Les marxistes italiens Antonio Negri et Guiseppe Cocco proposent une lecture fort intéressante de la situation qui prévaut actuellement en Amérique latine. Reprenant pour l’essentiel les thèses développées par Negri et son confrère étasunien Michael Hardt dans Empire et Multitude : Guerre et démocratie à l’âge de l’Empire, les deux auteurs prolongent cette approche en s’appuyant sur les changements politiques qui sont survenus au cours des dernières années sur le continent latino américain. À partir notamment des expériences argentines et brésiliennes, ils démontrent comment cette recomposition politique s’inscrit dans la lutte au projet néolibéral de mondialisation et ce, au cœur même de l’Empire.
Pour Negri et Cocco, ce n’est pas le vieux projet de développement nationaliste et antiimpérialiste qui caractérise le virage à gauche de l’Amérique latine, mais plutôt l’interdépendance entre les pays, cette volonté d’interaction par l’intégration politique et économique. Bien que ces projets soient encore à l’état embryonnaire , les « gauches » seraient en train de construire une nouvelle forme de gouvernance démocratique à l’échelle du continent. Dépassant ainsi le cadre national, cette interdépendance serait le fruit des luttes sociales et politiques inscrites à l’intérieur de chaque pays. Faisant l’apologie de ces nouvelles formes de mobilisation, les deux compères soulignent que les victoires de la « gauche » ont été précédées par la « multitude » agissante dans les mouvements populaires et indigènes.

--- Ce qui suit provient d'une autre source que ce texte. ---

(* Let $G$ be a nilpotent $p$-group ($p$ prime) and let $G_0$ be the set of elements of $G$ of infinite height. Then $G_0$ is a normal subgroup of $G$, and the quotient group $G/G_0$ has no nontrivial elements of infinite height.
   Context: For a nilpotent $p$-group $G$, the height of $g\in G$ is the greatest integer $n\ge 0$ such that $g=h^{p^n}$ for some $h\in G$; if there is no greatest such $n$, $g$ is said to have infinite height. *)

theory Defs
  imports "HOL-Algebra.Algebra"
begin

definition lower_central_step :: "('a, 'b) monoid_scheme \<Rightarrow> 'a set \<Rightarrow> 'a set" where
  "lower_central_step G H = generate G
     {x \<otimes>\<^bsub>G\<^esub> y \<otimes>\<^bsub>G\<^esub> inv\<^bsub>G\<^esub> x \<otimes>\<^bsub>G\<^esub> inv\<^bsub>G\<^esub> y | x y. x \<in> H \<and> y \<in> carrier G}"

definition nilpotent_group :: "('a, 'b) monoid_scheme \<Rightarrow> bool" where
  "nilpotent_group G \<longleftrightarrow> group G \<and>
     (\<exists>n. (lower_central_step G ^^ n) (carrier G) = {\<one>\<^bsub>G\<^esub>})"

text \<open>p-group: every element has order a power of p (G may be infinite).\<close>
definition p_group :: "('a, 'b) monoid_scheme \<Rightarrow> nat \<Rightarrow> bool" where
  "p_group G p \<longleftrightarrow> group G \<and> (\<forall>g\<in>carrier G. \<exists>k::nat. g [^]\<^bsub>G\<^esub> (p ^ k) = \<one>\<^bsub>G\<^esub>)"

definition infinite_height :: "('a, 'b) monoid_scheme \<Rightarrow> nat \<Rightarrow> 'a \<Rightarrow> bool" where
  "infinite_height G p g \<longleftrightarrow>
     \<not> (\<exists>n. (\<exists>h\<in>carrier G. g = h [^]\<^bsub>G\<^esub> (p ^ n)) \<and>
            (\<forall>m. (\<exists>h\<in>carrier G. g = h [^]\<^bsub>G\<^esub> (p ^ m)) \<longrightarrow> m \<le> n))"

end
locale phi_psi_setting = C2_function \<psi> a k l for \<psi> :: "'a::euclidean_space \<Rightarrow> real" and a k l +
  fixes q :: "'a measure"
  assumes q: "q \<in> P2"
begin

abbreviation conj_conv :: "'a \<Rightarrow> real" where
  "conj_conv \<equiv> conv_meas (convex_conj \<psi>) q"

definition cost :: "'a measure \<Rightarrow> real" where
  "cost p = (\<integral>y. \<psi> y \<partial>p) - MCov p q"

lemma integrable_P2: "p \<in> P2 \<Longrightarrow> integrable p \<psi>"
  by (rule integrable_P2_quadratic[OF _ borel_measurable abs_le])

lemma integrable_conj_shift: "integrable q (\<lambda>z. convex_conj \<psi> (w + z))"
proof (rule integrable_P2_quadratic[OF q])
  show "(\<lambda>z. convex_conj \<psi> (w + z)) \<in> borel_measurable borel" by measurable
  fix z
  have "\<bar>convex_conj \<psi> (w + z)\<bar> \<le> \<bar>\<psi> 0\<bar> + \<bar>l\<bar> + (norm (w + z))\<^sup>2" by (rule abs_conj_le)
  also have "\<dots> \<le> (\<bar>\<psi> 0\<bar> + \<bar>l\<bar> + 2 * (norm w)\<^sup>2) + 2 * (norm z)\<^sup>2"
    using norm_add_squared_le[of w z] by linarith
  finally show "\<bar>convex_conj \<psi> (w + z)\<bar> \<le> (\<bar>\<psi> 0\<bar> + \<bar>l\<bar> + 2 * (norm w)\<^sup>2) + 2 * (norm z)\<^sup>2" .
qed

lemma integral_inner_le:
  assumes p: "p \<in> P2" and \<pi>: "\<pi> \<in> Cpl p q"
  shows "(\<integral>yz. fst yz \<bullet> snd yz \<partial>\<pi>) \<le> (\<integral>y. \<psi> y \<partial>p) - w \<bullet> barycenter p + conj_conv w"
proof -
  have m: "(\<lambda>z. convex_conj \<psi> (w + z)) \<in> borel_measurable borel" "(\<lambda>y. w \<bullet> y) \<in> borel_measurable borel"
    by measurable
  have int_\<psi>: "integrable \<pi> (\<lambda>yz. \<psi> (fst yz))"
    using integrable_Cpl_fst[OF \<pi> borel_measurable] integrable_P2[OF p] by simp
  have int_conj: "integrable \<pi> (\<lambda>yz. convex_conj \<psi> (w + snd yz))"
    using integrable_Cpl_snd[OF \<pi> m(1)] integrable_conj_shift by simp
  have int_w: "integrable \<pi> (\<lambda>yz. w \<bullet> fst yz)"
    using integrable_Cpl_fst[OF \<pi> m(2)] integrable_inner_right[OF integrable_P2_id[OF p]] by simp
  have "(\<integral>yz. fst yz \<bullet> snd yz \<partial>\<pi>) \<le> (\<integral>yz. \<psi> (fst yz) + convex_conj \<psi> (w + snd yz) - w \<bullet> fst yz \<partial>\<pi>)"
  proof (rule integral_mono)
    show "integrable \<pi> (\<lambda>yz. fst yz \<bullet> snd yz)" by (rule integrable_Cpl_inner[OF \<pi> p q])
    show "integrable \<pi> (\<lambda>yz. \<psi> (fst yz) + convex_conj \<psi> (w + snd yz) - w \<bullet> fst yz)"
      using int_\<psi> int_conj int_w by simp
    fix yz :: "'a \<times> 'a"
    show "fst yz \<bullet> snd yz \<le> \<psi> (fst yz) + convex_conj \<psi> (w + snd yz) - w \<bullet> fst yz"
      using fenchel_young[of "w + snd yz" "fst yz"] by (simp add: inner_add_left inner_commute[of "snd yz"])
  qed
  also have "\<dots> = (\<integral>y. \<psi> y \<partial>p) + conj_conv w - (\<integral>y. w \<bullet> y \<partial>p)"
    using int_\<psi> int_conj int_w
    by (simp add: integral_Cpl_fst[OF \<pi>] integral_Cpl_snd[OF \<pi>] m conv_meas_def)
  also have "(\<integral>y. w \<bullet> y \<partial>p) = w \<bullet> barycenter p"
    unfolding barycenter_def using integrable_P2_id[OF p] by simp
  finally show ?thesis by simp
qed

lemma MCov_le:
  assumes "p \<in> P2"
  shows "MCov p q \<le> (\<integral>y. \<psi> y \<partial>p) - w \<bullet> barycenter p + conj_conv w"
  unfolding MCov_def using pair_measure_in_Cpl[OF assms q] integral_inner_le[OF assms]
  by (intro cSup_least) auto

lemma integral_inner_le_MCov:
  assumes "p \<in> P2" and "\<pi> \<in> Cpl p q"
  shows "(\<integral>yz. fst yz \<bullet> snd yz \<partial>\<pi>) \<le> MCov p q"
  unfolding MCov_def using assms integral_inner_le[OF assms(1), of _ 0]
  by (intro cSup_upper bdd_aboveI2) auto

lemma cost_ge: "p \<in> P2 \<Longrightarrow> w \<bullet> barycenter p - conj_conv w \<le> cost p"
  using MCov_le[of p w] by (simp add: cost_def)

lemma phi_psi_le_cost:
  assumes "p \<in> P2x x"
  shows "phi_psi q \<psi> x \<le> cost p"
  unfolding phi_psi_def cost_def[symmetric] using assms cost_ge[of _ 0]
  by (intro cInf_lower bdd_belowI2[where m = "- conj_conv 0"]) (auto simp: P2x_def)

lemma conj_conj_conv_le_phi_psi: "convex_conj conj_conv x \<le> phi_psi q \<psi> x"
  unfolding phi_psi_def cost_def[symmetric]
proof (rule cInf_greatest)
  show "cost ` P2x x \<noteq> {}" using return_in_P2x by blast
  show "convex_conj conj_conv x \<le> c" if "c \<in> cost ` P2x x" for c
    using that cost_ge by (auto intro!: convex_conj_le simp: P2x_def inner_commute)
qed

lemma bdd_above_conj_conv: "bdd_above (range (\<lambda>w. x \<bullet> w - conj_conv w))"
proof (rule bdd_aboveI2)
  fix w
  show "x \<bullet> w - conj_conv w \<le> cost (return borel x)"
    using cost_ge[of "return borel x" w] return_in_P2x[of x] by (simp add: P2x_def inner_commute)
qed

lemma exists_near_optimal_coupling:
  assumes "e > 0"
  obtains p \<pi> where "p \<in> P2x x" "\<pi> \<in> Cpl p q"
    "(\<integral>y. \<psi> y \<partial>p) - (\<integral>yz. fst yz \<bullet> snd yz \<partial>\<pi>) < phi_psi q \<psi> x + e"
proof -
  have "\<exists>c \<in> cost ` P2x x. c < phi_psi q \<psi> x + e / 2"
    unfolding phi_psi_def cost_def[symmetric] using return_in_P2x assms by (intro cInf_lessD) auto
  then obtain p where p: "p \<in> P2x x" "cost p < phi_psi q \<psi> x + e / 2" by blast
  then have "p \<in> P2" by (simp add: P2x_def)
  have "\<exists>c \<in> (\<lambda>\<pi>. \<integral>yz. fst yz \<bullet> snd yz \<partial>\<pi>) ` Cpl p q. MCov p q - e / 2 < c"
    unfolding MCov_def using pair_measure_in_Cpl[OF \<open>p \<in> P2\<close> q] assms by (intro less_cSupD) auto
  then obtain \<pi> where "\<pi> \<in> Cpl p q" "MCov p q - e / 2 < (\<integral>yz. fst yz \<bullet> snd yz \<partial>\<pi>)" by blast
  with p show thesis by (intro that) (auto simp: cost_def)
qed
lemma geodesic01_if_lipschitz:
  assumes "g 0 = x" "g 1 = y" and lip: "(dist x y)-lipschitz_on {0..1} g"
  shows "geodesic01 g x y"
proof -
  have ordered: "dist (g s) (g t) = (t - s) * dist x y" if "0 \<le> s" "s \<le> t" "t \<le> 1" for s t
  proof (rule antisym)
    show "dist (g s) (g t) \<le> (t - s) * dist x y"
      using lipschitz_onD[OF lip, of s t] that by (simp add: dist_real_def mult.commute)
    have "dist x y \<le> dist (g 0) (g s) + dist (g s) (g t) + dist (g t) (g 1)"
      using assms(1,2) dist_triangle[of x y "g s"] dist_triangle[of "g s" y "g t"] by simp
    moreover have "dist (g 0) (g s) \<le> s * dist x y" "dist (g t) (g 1) \<le> (1 - t) * dist x y"
      using lipschitz_onD[OF lip, of 0 s] lipschitz_onD[OF lip, of t 1] that
      by (simp_all add: dist_real_def mult.commute)
    ultimately show "(t - s) * dist x y \<le> dist (g s) (g t)"
      by (simp add: algebra_simps)
  qed
  show ?thesis
    unfolding geodesic01_def
  proof (intro conjI ballI assms(1,2))
    fix s t :: real
    assume "s \<in> {0..1}" "t \<in> {0..1}"
    then show "dist (g s) (g t) = \<bar>s - t\<bar> * dist x y"
      using ordered[of s t] ordered[of t s] by (cases "s \<le> t") (auto simp: dist_commute)
  qed
qed

lemma unit_interval_segment:
  fixes t :: real
  assumes "0 < n" "t \<in> {0..1}"
  obtains i l where "i < n" "l \<in> {0..1}" "t = (real i + l) / real n"
proof -
  define i where "i = min (n - 1) (nat \<lfloor>t * n\<rfloor>)"
  have "0 \<le> t * n" "t * n \<le> n"
    using assms by (auto simp: mult_left_le_one_le)
  then have "real (nat \<lfloor>t * n\<rfloor>) \<le> t * n" "t * n < real (nat \<lfloor>t * n\<rfloor>) + 1"
    by linarith+
  then have "real i \<le> t * n" "t * n \<le> real i + 1"
    using \<open>t * n \<le> n\<close> unfolding i_def by (auto simp: min_def of_nat_diff)
  moreover have "i < n"
    using assms unfolding i_def by simp
  ultimately show thesis
    using assms by (intro that[of i "t * n - i"]) (auto simp: field_simps)
qed
definition gyro_indep :: "real \<Rightarrow> 'a::real_inner \<Rightarrow> 'a \<Rightarrow> 'a \<Rightarrow> bool" where
  "gyro_indep s A1 A2 A3 = (independent {gvec s A1 A2, gvec s A1 A3}
      \<and> gvec s A1 A2 \<noteq> gvec s A1 A3)"

definition gyroplane :: "real \<Rightarrow> 'a::real_inner \<Rightarrow> 'a \<Rightarrow> 'a \<Rightarrow> 'a set" where
  "gyroplane s A1 A2 A3 =
     {eadd s A1 v | v. v \<in> span {gvec s A1 A2, gvec s A1 A3} \<and> v \<in> sball s} \<inter> sball s"

definition on_gyrocircle :: "real \<Rightarrow> 'a::real_inner \<Rightarrow> 'a set \<Rightarrow> bool" where
  "on_gyrocircle s C S = (\<exists>P1 P2 P3 r.
      P1 \<in> sball s \<and> P2 \<in> sball s \<and> P3 \<in> sball s \<and> gyro_indep s P1 P2 P3 \<and>
      C \<in> gyroplane s P1 P2 P3 \<and>
      S \<subseteq> {X \<in> gyroplane s P1 P2 P3. gdist s C X = r})"

end

theory Submission
  imports Defs
begin

(* Write gamma_AB = gamma_A gamma_B (1 - A.B/s^2); it is the Lorentz factor of (-A) (+) B, and it is
   the Minkowski product of the lifts gamma_X (1, X) of A and B to the hyperboloid.  Gyroangles obey
   the hyperbolic law of cosines in these factors.  Clearing denominators in Einstein addition shows
   that the lifts of the points of a gyroplane span at most a 3-dimensional subspace, so for the
   gyrocenter O and the points A1, A2, A3 the 4x4 Gram matrix (gamma_XY) is singular.  Since
   gamma_OA1 = gamma_OA2 = gamma_OA3, its determinant factors, and its vanishing says that
   cos ((alpha1 + alpha2 - theta) / 2) = cos beta, where alpha1, alpha2, theta are the gyroangles of
   A1 A2 A3 at A1, A2, A3 and beta is the base gyroangle of the isosceles gyrotriangle A1 A2 O.
   As theta + delta/2 = pi/2 - (alpha1 + alpha2 - theta)/2 and phi + delta_O/2 = pi/2 - beta, the two
   sides are equal or supplementary. *)

section \<open>Lorentz factors of gyrovectors\<close>

lemma gamma_pos:
  fixes v :: "'a::real_inner"
  assumes "0 < s" "norm v < s"
  shows "0 < gamma s v"
proof -
  have "(norm v)\<^sup>2 < s\<^sup>2" using assms by (simp add: power_strict_mono)
  then show ?thesis using assms by (simp add: gamma_def)
qed
lemma
  assumes "S \<noteq> {}"
    and total: "\<And>y z. y \<in> S \<Longrightarrow> z \<in> S \<Longrightarrow> r y z \<or> r z y"
    and trans: "\<And>x y z. x \<in> S \<Longrightarrow> y \<in> S \<Longrightarrow> z \<in> S \<Longrightarrow> r x y \<Longrightarrow> r y z \<Longrightarrow> r x z"
  shows eventually_tail_filter: "eventually P (tail_filter r S) \<longleftrightarrow> (\<exists>y\<in>S. \<forall>z\<in>S. r y z \<longrightarrow> P z)"
    and tail_filter_not_bot: "tail_filter r S \<noteq> bot"
proof -
  have le: "principal {z \<in> S. r b z} \<le> inf (principal {z \<in> S. r a z}) (principal {z \<in> S. r b z})"
    if "a \<in> S" "b \<in> S" "r a b" for a b
    using trans[OF that(1,2) _ that(3)] by (auto simp: inf_principal)
  have base: "\<exists>x\<in>S. principal {z \<in> S. r x z} \<le> inf (principal {z \<in> S. r a z}) (principal {z \<in> S. r b z})"
    if "a \<in> S" "b \<in> S" for a b
    using total[OF that] le[OF that] le[OF that(2,1)] that by (metis inf_commute)
  show *: "eventually P (tail_filter r S) \<longleftrightarrow> (\<exists>y\<in>S. \<forall>z\<in>S. r y z \<longrightarrow> P z)" for P
    unfolding tail_filter_def
    by (simp add: eventually_INF_base[where F = "\<lambda>y. principal {z \<in> S. r y z}", OF assms(1) base]
        eventually_principal Ball_def conj_commute imp_conjL)
  show "tail_filter r S \<noteq> bot"
    unfolding trivial_limit_def * using total by blast
qed

abbreviation upper_tails :: "'a topology \<Rightarrow> 'a set \<Rightarrow> 'a filter" where
  "upper_tails X S \<equiv> tail_filter (spec_le X) S"

abbreviation lower_tails :: "'a topology \<Rightarrow> 'a set \<Rightarrow> 'a filter" where
  "lower_tails X S \<equiv> tail_filter (\<lambda>y z. spec_le X z y) S"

Les auteurs nous laissent parfois perplexes devant cette volonté un peu anarchisante « d’en finir avec les États nations » et de « réinventer les institutions au-delà de l’État », mais il ne fait pas de doute que la contribution au débat est encore une fois à la hauteur. Autant Multitude pouvait laisser le lecteur sur son appétit, autant ce nouvel essai est riche et stimulant, car il se situe en ligne droite avec la volonté de sortir des sentiers battus par une gauche politique passéiste qui n’a pas encore réalisé que le monde a changé. Résolument antidogmatique sur le plan idéologique et porté essentiellement par le renouvellement des pratiques de lutte, Global offre ainsi au lecteur un cadre d’analyse qui saura certainement apporter un éclairage important aux débats qui traversent la mouvance altermondialiste.